• Apr 2, 2024 from 15:00 to 15:30
  • Location: OLLI at FAU, 777 Glades Rd. Bldg. CEH 31D, Boca Raton, Fl 33431 561-297-3185 olliboca.fau.edu
  • Latest Activity: Feb 23

Frank Lloyd Wright has been called the greatest American architect of the first half of the Twentieth Century. During a career that spanned seven decades, he worked on over a thousand projects, five hundred of which were built. Born in rural Wisconsin in 1867, Wright had a tumultuous personal life punctuated by many professional vicissitudes and scandals, which make his story feel like a dramatic work of fiction. Wright's most famous residence, Fallingwater, built in 1935 in Mill Run, Pennsylvania, was named by The Smithsonian Institution as "one of the 28 places to see before you die." Wright's other most famous legacy is the controversial Solomon R. Guggenheim Museum on the Upper East Side of Manhattan.

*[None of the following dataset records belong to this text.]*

lemma binary_form_eq_0_if_three_zeros:
  fixes a m c x1 t1 x2 t2 x3 t3 :: "'a::field"
  assumes "a * x1^2 + m * x1 * t1 + c * t1^2 = 0" "a * x2^2 + m * x2 * t2 + c * t2^2 = 0"
    "a * x3^2 + m * x3 * t3 + c * t3^2 = 0"
    and "x1 * t2 - x2 * t1 \<noteq> 0" "x1 * t3 - x3 * t1 \<noteq> 0" "x2 * t3 - x3 * t2 \<noteq> 0"
  shows "a = 0 \<and> m = 0 \<and> c = 0"
proof -
  let ?D = "(x1 * t2 - x2 * t1) * (x1 * t3 - x3 * t1) * (x2 * t3 - x3 * t2)"
  have "?D * a = 0" "?D * m = 0" "?D * c = 0"
    using assms(1-3) by Groebner_Basis.algebra+
  then show ?thesis
    using assms(4-6) by simp
qed

lemma proportional_if_det_eq_0:
  fixes x1 y1 x2 y2 :: "'a::field"
  assumes "x1 * y2 - x2 * y1 = 0" "x2 \<noteq> 0 \<or> y2 \<noteq> 0"
  shows "\<exists>l. x1 = l * x2 \<and> y1 = l * y2"
proof (cases "x2 = 0")
  case True
  then show ?thesis
    using assms by (intro exI[of _ "y1 / y2"]) (auto simp: field_simps)
next
  case False
  then show ?thesis
    using assms by (intro exI[of _ "x1 / x2"]) (auto simp: field_simps)
qed

definition plane_basis :: "'a::field set \<Rightarrow> 'a ^ 3 \<Rightarrow> 'a ^ 3 \<Rightarrow> 'a ^ 3 \<Rightarrow> bool" where
  "plane_basis S n u v \<longleftrightarrow>
     scalar_product n u = 0 \<and> scalar_product n v = 0 \<and> (\<forall>i. u $ i \<in> S \<and> v $ i \<in> S) \<and>
     (\<forall>x y. x *s u + y *s v = 0 \<longrightarrow> x = 0 \<and> y = 0) \<and>
     (\<forall>w. scalar_product n w = 0 \<longrightarrow>
        (\<exists>x y. w = x *s u + y *s v \<and> ((\<forall>i. w $ i \<in> S) \<longrightarrow> x \<in> S \<and> y \<in> S)))"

Wright said his distinctive museum would make the nearby Metropolitan Museum of Art "look like a Protestant barn." Wright's body of work also includes hotels, office buildings, and churches, which Silvin will describe using over 200 slides, renderings, newsreels, and interviews, giving the audience a feeling of living with this unusual, often called arrogant genius.